=== Task goal ===
Stop after the line containing "u = (\<lambda>i.": print each line exactly from the first line of the listing up to that point.

=== Data in this exercise ===
┄┄┄┄┄┄┄┄┄┄

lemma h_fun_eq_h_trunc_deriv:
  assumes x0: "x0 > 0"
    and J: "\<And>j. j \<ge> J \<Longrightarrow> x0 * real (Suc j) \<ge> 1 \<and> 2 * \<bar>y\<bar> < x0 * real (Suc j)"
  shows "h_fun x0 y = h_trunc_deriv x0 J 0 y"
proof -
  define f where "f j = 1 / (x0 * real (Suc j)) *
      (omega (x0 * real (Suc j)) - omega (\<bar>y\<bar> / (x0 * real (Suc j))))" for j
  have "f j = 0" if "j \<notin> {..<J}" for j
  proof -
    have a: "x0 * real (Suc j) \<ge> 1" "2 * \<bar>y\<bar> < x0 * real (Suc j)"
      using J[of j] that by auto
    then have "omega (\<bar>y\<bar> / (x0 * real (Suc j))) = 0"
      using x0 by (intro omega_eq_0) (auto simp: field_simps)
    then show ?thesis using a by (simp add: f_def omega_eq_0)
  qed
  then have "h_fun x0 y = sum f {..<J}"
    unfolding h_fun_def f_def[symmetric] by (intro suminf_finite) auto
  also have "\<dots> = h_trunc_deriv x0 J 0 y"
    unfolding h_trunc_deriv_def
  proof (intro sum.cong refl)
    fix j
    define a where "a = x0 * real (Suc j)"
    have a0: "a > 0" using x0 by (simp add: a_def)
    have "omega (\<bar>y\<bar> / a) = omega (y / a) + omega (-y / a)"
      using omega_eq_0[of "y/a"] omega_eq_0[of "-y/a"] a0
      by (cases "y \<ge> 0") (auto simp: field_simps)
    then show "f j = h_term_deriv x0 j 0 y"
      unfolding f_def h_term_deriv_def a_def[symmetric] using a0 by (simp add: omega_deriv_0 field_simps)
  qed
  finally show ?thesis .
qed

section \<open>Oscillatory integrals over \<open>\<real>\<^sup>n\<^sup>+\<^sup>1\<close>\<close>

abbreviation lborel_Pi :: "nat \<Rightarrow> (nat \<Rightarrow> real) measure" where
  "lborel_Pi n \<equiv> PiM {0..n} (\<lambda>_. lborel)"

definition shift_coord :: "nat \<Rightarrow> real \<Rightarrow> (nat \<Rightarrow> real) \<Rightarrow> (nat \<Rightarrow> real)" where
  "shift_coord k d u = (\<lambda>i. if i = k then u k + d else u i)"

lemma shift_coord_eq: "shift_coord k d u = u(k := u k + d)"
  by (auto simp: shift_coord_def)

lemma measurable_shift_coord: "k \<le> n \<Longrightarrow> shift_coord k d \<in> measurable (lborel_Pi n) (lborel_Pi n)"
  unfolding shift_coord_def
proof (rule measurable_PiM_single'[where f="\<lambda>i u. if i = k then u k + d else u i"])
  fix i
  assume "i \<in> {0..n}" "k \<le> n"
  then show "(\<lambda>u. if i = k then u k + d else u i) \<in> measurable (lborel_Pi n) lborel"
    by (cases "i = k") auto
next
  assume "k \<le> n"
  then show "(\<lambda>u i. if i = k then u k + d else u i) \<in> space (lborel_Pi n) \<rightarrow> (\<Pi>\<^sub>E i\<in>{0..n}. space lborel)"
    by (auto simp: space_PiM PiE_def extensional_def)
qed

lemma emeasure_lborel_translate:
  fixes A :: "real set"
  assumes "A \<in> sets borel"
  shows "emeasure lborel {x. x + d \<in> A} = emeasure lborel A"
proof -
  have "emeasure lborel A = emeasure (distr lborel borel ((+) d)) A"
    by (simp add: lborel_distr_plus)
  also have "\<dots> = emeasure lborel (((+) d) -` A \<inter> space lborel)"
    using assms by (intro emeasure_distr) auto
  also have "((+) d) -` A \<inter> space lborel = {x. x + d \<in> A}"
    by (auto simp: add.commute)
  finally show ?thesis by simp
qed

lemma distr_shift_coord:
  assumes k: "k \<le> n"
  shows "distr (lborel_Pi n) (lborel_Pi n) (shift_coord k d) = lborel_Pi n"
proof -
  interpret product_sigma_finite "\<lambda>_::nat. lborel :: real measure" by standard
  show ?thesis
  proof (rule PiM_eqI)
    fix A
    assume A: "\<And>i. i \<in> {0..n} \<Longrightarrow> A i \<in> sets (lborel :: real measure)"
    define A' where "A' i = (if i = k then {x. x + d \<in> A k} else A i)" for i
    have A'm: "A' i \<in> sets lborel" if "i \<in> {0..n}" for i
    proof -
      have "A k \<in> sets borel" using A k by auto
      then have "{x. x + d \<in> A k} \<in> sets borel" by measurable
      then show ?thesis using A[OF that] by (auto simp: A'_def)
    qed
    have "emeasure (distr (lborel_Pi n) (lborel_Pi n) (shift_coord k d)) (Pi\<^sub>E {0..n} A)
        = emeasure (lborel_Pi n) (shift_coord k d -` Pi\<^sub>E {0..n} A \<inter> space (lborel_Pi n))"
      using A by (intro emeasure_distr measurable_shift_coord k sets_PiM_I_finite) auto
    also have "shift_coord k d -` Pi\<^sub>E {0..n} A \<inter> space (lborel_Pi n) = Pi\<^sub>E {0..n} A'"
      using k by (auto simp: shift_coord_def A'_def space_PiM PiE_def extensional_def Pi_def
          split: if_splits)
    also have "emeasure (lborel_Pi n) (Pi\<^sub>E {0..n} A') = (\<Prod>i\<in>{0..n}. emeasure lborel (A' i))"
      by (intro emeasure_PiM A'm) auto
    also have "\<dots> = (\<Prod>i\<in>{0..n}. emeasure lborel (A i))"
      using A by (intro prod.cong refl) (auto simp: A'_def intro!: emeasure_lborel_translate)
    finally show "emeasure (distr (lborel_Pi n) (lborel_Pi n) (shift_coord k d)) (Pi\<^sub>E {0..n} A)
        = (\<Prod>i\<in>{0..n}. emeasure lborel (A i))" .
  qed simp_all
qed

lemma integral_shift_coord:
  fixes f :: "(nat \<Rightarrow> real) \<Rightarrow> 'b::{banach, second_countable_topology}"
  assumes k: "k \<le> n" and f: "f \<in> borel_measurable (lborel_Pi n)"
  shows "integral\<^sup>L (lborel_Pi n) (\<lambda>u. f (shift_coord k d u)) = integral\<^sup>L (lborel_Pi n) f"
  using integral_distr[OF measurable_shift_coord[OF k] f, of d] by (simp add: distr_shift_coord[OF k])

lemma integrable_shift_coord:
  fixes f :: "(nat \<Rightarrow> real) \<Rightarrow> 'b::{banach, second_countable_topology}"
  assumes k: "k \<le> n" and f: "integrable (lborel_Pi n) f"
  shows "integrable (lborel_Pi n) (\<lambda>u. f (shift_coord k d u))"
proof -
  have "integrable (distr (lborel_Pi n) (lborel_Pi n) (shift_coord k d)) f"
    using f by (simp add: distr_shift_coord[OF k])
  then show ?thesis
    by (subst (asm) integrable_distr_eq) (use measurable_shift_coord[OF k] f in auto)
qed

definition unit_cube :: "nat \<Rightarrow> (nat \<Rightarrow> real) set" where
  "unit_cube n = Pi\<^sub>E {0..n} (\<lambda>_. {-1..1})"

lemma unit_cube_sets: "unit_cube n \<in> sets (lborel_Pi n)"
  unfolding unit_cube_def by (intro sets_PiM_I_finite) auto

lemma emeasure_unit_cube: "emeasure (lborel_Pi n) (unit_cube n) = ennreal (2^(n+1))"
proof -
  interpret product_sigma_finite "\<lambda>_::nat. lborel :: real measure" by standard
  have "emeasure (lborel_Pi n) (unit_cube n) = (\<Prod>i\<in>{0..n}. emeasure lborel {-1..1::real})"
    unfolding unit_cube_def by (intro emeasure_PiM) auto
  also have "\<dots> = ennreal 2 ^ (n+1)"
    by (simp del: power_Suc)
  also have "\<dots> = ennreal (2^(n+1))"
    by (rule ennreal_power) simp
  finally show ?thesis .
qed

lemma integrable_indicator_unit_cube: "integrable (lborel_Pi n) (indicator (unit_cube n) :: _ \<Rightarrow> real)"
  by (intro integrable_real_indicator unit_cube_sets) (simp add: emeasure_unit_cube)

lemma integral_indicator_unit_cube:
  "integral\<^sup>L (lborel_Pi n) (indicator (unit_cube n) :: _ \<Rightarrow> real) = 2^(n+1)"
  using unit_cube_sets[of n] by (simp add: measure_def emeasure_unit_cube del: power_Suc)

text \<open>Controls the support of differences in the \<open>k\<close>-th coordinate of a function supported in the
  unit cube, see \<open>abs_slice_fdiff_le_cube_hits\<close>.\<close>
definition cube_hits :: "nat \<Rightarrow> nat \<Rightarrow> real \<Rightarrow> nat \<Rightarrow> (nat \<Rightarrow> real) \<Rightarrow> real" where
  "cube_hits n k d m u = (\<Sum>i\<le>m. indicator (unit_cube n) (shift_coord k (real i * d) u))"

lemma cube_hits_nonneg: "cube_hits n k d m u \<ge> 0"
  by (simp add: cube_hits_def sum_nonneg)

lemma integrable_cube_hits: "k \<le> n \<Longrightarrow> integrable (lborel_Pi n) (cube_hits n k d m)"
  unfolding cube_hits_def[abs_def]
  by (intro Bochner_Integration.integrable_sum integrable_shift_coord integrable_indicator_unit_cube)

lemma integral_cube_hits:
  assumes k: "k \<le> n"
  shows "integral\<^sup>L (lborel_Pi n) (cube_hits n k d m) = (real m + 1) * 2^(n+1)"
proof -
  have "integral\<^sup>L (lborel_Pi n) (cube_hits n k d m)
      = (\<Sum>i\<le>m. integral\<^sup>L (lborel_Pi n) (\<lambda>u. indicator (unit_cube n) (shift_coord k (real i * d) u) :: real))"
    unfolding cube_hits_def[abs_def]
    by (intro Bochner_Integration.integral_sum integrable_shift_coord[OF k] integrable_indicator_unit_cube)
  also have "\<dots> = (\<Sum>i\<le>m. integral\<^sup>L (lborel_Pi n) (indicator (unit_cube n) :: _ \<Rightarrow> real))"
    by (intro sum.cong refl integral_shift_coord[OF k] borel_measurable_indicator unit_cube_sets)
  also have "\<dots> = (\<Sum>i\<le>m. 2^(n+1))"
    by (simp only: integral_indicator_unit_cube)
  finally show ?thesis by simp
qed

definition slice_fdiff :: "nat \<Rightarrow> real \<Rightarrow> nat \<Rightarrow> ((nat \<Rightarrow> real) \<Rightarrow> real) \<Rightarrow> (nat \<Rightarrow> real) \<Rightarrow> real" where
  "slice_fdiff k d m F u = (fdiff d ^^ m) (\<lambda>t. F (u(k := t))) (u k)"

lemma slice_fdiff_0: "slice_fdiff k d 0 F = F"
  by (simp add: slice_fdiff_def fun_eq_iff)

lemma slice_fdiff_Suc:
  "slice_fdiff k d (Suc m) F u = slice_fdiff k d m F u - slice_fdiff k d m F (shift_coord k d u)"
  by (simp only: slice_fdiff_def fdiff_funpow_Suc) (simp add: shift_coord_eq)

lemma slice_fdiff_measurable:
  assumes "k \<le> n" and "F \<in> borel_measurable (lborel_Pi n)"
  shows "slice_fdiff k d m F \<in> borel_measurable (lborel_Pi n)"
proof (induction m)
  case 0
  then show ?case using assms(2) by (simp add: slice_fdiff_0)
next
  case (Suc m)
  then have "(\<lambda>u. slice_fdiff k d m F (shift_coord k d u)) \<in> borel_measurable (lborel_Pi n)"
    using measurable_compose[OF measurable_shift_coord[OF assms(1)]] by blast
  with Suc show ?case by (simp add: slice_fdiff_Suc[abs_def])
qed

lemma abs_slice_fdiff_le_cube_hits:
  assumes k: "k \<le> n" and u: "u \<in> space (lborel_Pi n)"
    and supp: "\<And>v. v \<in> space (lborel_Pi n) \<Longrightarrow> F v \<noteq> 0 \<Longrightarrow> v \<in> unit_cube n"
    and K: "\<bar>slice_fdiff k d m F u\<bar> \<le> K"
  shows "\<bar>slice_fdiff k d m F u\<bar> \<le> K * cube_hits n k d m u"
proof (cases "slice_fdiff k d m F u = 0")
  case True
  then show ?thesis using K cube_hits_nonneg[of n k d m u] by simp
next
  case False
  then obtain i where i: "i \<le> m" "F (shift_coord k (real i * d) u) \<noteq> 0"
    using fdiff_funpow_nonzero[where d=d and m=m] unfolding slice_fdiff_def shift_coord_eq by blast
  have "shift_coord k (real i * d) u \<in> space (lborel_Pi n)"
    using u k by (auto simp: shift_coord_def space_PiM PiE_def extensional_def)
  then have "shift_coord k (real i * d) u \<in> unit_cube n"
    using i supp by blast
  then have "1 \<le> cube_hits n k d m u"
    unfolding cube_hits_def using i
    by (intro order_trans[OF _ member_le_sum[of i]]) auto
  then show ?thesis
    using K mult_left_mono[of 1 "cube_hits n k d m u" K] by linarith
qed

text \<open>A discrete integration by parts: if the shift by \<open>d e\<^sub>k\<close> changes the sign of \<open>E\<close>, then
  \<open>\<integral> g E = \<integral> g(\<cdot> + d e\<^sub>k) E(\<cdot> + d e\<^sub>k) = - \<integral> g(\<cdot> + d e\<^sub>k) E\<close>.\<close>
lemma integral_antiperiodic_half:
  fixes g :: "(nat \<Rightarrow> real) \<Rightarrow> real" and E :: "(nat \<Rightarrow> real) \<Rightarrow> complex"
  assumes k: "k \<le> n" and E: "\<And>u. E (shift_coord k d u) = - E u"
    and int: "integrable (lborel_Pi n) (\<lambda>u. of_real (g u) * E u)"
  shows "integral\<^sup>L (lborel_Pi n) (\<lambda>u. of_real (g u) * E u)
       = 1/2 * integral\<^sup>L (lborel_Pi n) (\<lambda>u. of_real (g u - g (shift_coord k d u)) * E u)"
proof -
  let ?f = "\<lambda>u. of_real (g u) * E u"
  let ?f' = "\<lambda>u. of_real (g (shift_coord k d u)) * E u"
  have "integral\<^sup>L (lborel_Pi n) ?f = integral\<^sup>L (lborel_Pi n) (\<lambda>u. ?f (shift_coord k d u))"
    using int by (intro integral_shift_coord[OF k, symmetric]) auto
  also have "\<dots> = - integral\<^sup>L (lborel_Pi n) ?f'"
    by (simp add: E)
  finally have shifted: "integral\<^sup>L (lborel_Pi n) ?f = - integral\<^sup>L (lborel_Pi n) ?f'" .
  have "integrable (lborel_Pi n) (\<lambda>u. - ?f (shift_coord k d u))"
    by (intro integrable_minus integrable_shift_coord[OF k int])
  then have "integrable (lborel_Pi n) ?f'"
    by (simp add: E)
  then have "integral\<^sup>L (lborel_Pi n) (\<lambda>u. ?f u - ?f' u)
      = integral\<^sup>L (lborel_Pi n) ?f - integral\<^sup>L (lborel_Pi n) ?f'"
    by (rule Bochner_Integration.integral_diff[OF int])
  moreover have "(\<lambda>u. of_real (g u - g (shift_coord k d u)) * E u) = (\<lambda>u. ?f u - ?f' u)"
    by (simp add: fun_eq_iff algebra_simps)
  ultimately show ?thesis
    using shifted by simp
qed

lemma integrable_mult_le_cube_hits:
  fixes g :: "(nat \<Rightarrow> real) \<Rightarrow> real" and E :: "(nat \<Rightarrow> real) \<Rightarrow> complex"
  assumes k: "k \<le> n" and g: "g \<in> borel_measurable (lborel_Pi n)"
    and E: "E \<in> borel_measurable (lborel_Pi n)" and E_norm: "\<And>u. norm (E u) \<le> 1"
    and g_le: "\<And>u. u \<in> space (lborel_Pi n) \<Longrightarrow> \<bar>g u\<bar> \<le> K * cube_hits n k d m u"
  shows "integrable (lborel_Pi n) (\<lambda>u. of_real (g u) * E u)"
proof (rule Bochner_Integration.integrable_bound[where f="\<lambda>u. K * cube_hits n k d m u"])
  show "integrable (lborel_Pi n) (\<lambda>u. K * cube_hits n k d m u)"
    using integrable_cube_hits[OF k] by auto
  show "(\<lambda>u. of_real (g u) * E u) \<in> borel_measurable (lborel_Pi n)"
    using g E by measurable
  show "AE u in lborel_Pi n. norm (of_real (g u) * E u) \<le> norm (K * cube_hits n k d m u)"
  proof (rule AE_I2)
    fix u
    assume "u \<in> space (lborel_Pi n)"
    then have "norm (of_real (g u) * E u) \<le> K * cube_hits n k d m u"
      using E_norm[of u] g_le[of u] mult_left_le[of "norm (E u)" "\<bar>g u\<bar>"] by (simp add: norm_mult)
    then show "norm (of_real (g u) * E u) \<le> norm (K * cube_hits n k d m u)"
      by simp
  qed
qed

┄┄┄┄┄┄┄┄┄┄

=== Answer space ===
lemma h_fun_eq_h_trunc_deriv:
  assumes x0: "x0 > 0"
    and J: "\<And>j. j \<ge> J \<Longrightarrow> x0 * real (Suc j) \<ge> 1 \<and> 2 * \<bar>y\<bar> < x0 * real (Suc j)"
  shows "h_fun x0 y = h_trunc_deriv x0 J 0 y"
proof -
  define f where "f j = 1 / (x0 * real (Suc j)) *
      (omega (x0 * real (Suc j)) - omega (\<bar>y\<bar> / (x0 * real (Suc j))))" for j
  have "f j = 0" if "j \<notin> {..<J}" for j
  proof -
    have a: "x0 * real (Suc j) \<ge> 1" "2 * \<bar>y\<bar> < x0 * real (Suc j)"
      using J[of j] that by auto
    then have "omega (\<bar>y\<bar> / (x0 * real (Suc j))) = 0"
      using x0 by (intro omega_eq_0) (auto simp: field_simps)
    then show ?thesis using a by (simp add: f_def omega_eq_0)
  qed
  then have "h_fun x0 y = sum f {..<J}"
    unfolding h_fun_def f_def[symmetric] by (intro suminf_finite) auto
  also have "\<dots> = h_trunc_deriv x0 J 0 y"
    unfolding h_trunc_deriv_def
  proof (intro sum.cong refl)
    fix j
    define a where "a = x0 * real (Suc j)"
    have a0: "a > 0" using x0 by (simp add: a_def)
    have "omega (\<bar>y\<bar> / a) = omega (y / a) + omega (-y / a)"
      using omega_eq_0[of "y/a"] omega_eq_0[of "-y/a"] a0
      by (cases "y \<ge> 0") (auto simp: field_simps)
    then show "f j = h_term_deriv x0 j 0 y"
      unfolding f_def h_term_deriv_def a_def[symmetric] using a0 by (simp add: omega_deriv_0 field_simps)
  qed
  finally show ?thesis .
qed

section \<open>Oscillatory integrals over \<open>\<real>\<^sup>n\<^sup>+\<^sup>1\<close>\<close>

abbreviation lborel_Pi :: "nat \<Rightarrow> (nat \<Rightarrow> real) measure" where
  "lborel_Pi n \<equiv> PiM {0..n} (\<lambda>_. lborel)"

definition shift_coord :: "nat \<Rightarrow> real \<Rightarrow> (nat \<Rightarrow> real) \<Rightarrow> (nat \<Rightarrow> real)" where
  "shift_coord k d u = (\<lambda>i. if i = k then u k + d else u i)"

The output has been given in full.